▸ Instructions for the task
Looking at the listing below, retype exactly the lines starting at the one containing "- ?\<sigma>'\<bar> \<le> _" and ending at the one containing "by (rule min_response_pos)", both included, and nothing else.

▸ Given data
········

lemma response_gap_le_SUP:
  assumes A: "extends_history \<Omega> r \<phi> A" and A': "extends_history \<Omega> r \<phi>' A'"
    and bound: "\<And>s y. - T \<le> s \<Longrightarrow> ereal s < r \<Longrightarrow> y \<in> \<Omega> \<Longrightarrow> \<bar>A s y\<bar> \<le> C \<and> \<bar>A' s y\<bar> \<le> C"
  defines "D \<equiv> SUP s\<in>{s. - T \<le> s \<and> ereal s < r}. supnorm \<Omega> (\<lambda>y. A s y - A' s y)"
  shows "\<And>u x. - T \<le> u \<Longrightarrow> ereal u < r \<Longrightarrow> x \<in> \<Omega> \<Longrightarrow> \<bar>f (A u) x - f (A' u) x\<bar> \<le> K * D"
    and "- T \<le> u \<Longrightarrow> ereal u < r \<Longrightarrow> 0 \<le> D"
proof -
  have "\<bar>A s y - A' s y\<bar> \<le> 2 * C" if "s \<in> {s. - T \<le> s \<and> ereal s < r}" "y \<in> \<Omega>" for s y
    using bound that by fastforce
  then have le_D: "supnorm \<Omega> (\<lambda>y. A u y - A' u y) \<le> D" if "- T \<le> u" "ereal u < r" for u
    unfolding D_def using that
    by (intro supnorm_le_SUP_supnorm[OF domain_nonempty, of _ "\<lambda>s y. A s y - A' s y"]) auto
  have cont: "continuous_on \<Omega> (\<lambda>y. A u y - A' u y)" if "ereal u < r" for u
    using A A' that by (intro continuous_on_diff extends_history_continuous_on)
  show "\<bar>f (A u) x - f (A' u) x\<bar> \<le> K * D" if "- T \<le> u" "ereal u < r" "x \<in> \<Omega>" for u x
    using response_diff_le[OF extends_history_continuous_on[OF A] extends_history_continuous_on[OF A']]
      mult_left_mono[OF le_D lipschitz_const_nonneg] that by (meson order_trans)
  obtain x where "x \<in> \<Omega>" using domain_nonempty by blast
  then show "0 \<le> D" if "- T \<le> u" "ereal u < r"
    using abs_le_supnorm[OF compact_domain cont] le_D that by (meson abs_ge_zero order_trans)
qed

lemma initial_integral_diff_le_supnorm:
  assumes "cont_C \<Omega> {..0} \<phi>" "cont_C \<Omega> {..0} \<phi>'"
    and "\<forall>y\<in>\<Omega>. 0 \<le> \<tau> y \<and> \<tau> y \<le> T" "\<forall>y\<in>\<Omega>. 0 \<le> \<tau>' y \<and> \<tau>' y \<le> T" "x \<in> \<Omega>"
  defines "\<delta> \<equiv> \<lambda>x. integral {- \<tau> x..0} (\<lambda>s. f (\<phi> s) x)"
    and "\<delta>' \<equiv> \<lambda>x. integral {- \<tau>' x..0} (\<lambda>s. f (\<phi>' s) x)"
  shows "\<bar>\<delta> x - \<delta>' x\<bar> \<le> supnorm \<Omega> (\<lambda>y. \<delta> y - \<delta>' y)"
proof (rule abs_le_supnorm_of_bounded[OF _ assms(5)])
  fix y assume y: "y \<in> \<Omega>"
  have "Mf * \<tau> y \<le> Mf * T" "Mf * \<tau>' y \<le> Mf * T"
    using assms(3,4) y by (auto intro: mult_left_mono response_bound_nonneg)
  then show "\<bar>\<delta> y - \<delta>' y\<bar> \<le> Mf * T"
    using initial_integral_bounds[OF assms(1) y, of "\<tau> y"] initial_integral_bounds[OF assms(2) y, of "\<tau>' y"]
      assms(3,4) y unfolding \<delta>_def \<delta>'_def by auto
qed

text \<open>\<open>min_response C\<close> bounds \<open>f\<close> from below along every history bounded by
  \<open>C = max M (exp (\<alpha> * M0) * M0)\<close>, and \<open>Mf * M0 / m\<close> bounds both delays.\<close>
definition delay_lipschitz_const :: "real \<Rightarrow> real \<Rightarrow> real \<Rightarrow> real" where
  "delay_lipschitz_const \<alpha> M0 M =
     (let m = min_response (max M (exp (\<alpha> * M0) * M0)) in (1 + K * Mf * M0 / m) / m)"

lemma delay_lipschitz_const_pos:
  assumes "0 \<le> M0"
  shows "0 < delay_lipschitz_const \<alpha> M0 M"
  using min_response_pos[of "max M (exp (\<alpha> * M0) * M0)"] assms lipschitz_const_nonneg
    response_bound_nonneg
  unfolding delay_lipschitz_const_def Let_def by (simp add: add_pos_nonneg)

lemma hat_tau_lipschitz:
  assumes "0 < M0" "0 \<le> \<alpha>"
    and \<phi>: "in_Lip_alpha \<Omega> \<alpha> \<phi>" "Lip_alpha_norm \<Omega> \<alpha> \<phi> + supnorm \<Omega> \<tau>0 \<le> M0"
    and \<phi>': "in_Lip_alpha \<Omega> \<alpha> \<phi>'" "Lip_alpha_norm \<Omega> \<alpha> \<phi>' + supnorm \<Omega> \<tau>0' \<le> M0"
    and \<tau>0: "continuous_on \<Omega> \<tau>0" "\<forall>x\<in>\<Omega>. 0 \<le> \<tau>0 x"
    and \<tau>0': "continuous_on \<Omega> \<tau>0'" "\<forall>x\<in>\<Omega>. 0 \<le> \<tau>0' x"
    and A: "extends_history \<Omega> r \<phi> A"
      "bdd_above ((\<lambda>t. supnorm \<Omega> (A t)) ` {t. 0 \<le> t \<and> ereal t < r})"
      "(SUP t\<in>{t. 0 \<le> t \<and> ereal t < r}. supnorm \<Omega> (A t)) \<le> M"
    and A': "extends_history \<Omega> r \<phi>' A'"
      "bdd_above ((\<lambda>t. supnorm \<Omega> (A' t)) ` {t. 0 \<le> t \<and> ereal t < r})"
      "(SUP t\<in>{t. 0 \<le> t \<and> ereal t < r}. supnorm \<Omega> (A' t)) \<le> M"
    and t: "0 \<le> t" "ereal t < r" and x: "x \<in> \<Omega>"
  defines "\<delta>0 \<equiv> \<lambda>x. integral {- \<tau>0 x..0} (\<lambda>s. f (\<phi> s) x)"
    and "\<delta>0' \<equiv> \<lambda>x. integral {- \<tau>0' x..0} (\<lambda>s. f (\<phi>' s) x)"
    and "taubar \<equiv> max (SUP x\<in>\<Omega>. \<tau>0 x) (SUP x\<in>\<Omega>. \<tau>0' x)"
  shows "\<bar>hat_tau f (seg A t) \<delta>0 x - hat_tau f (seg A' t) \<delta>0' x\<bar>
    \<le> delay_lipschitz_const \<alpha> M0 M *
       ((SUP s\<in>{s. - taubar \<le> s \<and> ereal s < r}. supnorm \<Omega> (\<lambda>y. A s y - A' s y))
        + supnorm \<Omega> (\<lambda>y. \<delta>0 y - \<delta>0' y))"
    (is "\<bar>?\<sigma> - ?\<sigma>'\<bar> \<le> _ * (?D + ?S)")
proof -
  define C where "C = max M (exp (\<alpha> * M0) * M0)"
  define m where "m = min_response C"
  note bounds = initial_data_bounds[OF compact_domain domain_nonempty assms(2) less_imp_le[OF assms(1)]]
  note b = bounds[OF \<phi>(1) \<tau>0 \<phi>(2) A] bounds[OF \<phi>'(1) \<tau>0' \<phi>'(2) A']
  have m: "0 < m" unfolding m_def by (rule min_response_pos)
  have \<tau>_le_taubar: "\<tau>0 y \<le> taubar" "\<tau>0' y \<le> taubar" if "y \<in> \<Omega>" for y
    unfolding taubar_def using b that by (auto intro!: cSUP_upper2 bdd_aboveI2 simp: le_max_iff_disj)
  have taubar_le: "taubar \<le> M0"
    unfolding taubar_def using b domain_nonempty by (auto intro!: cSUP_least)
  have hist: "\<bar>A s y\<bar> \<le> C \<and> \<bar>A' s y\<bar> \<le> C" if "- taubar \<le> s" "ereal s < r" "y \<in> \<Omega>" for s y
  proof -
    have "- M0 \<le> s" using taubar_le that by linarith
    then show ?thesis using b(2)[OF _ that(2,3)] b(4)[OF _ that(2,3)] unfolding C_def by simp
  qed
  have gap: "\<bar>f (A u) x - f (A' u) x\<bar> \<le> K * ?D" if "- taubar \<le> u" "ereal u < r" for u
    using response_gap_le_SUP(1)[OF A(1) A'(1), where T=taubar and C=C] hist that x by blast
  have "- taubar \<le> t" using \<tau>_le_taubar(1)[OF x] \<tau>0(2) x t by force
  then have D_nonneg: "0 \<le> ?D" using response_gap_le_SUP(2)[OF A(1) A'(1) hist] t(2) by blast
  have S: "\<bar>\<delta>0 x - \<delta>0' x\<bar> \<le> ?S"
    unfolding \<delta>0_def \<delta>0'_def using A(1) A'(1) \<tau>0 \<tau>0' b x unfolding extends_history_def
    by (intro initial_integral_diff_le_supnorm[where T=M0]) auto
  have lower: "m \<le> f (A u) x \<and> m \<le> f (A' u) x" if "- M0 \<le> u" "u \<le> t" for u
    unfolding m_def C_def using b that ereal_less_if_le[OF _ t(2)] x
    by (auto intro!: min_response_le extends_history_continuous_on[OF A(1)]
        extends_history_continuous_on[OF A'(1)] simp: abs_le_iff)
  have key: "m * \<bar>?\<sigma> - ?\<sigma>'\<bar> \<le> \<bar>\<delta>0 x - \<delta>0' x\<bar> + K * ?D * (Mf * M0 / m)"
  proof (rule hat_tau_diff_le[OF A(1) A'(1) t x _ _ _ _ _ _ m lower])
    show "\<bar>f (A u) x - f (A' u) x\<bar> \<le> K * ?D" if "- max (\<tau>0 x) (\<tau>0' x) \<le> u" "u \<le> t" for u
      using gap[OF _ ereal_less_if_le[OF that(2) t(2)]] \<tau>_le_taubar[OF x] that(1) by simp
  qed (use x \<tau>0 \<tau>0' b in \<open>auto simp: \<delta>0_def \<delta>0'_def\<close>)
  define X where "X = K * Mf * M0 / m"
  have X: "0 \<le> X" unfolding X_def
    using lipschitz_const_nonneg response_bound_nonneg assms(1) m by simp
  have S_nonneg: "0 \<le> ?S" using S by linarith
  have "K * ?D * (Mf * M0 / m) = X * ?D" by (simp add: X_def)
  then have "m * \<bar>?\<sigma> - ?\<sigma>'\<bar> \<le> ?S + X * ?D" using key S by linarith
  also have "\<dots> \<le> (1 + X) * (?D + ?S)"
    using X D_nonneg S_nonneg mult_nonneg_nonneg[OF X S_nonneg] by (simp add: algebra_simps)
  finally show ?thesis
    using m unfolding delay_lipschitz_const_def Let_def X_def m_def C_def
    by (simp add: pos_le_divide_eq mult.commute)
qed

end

········

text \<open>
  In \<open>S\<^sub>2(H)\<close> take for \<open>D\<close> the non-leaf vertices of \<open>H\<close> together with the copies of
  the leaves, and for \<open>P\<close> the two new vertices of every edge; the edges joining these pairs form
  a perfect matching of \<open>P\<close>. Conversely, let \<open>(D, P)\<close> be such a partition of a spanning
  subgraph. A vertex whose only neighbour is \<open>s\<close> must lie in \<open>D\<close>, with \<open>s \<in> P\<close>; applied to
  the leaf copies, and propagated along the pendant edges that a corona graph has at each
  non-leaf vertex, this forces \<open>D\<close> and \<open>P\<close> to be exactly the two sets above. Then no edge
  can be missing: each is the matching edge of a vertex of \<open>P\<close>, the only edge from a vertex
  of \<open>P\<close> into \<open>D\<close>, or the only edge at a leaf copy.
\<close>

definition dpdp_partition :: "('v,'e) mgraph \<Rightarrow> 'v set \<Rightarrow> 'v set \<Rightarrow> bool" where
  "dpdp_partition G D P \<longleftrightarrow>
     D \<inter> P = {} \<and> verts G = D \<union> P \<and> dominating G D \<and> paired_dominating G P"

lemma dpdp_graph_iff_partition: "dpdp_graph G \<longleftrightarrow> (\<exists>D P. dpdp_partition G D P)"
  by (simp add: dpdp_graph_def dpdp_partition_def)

········

▸ Exercise solution
    (is "\<bar>?\<sigma> - ?\<sigma>'\<bar> \<le> _ * (?D + ?S)")
proof -
  define C where "C = max M (exp (\<alpha> * M0) * M0)"
  define m where "m = min_response C"
  note bounds = initial_data_bounds[OF compact_domain domain_nonempty assms(2) less_imp_le[OF assms(1)]]
  note b = bounds[OF \<phi>(1) \<tau>0 \<phi>(2) A] bounds[OF \<phi>'(1) \<tau>0' \<phi>'(2) A']
  have m: "0 < m" unfolding m_def by (rule min_response_pos)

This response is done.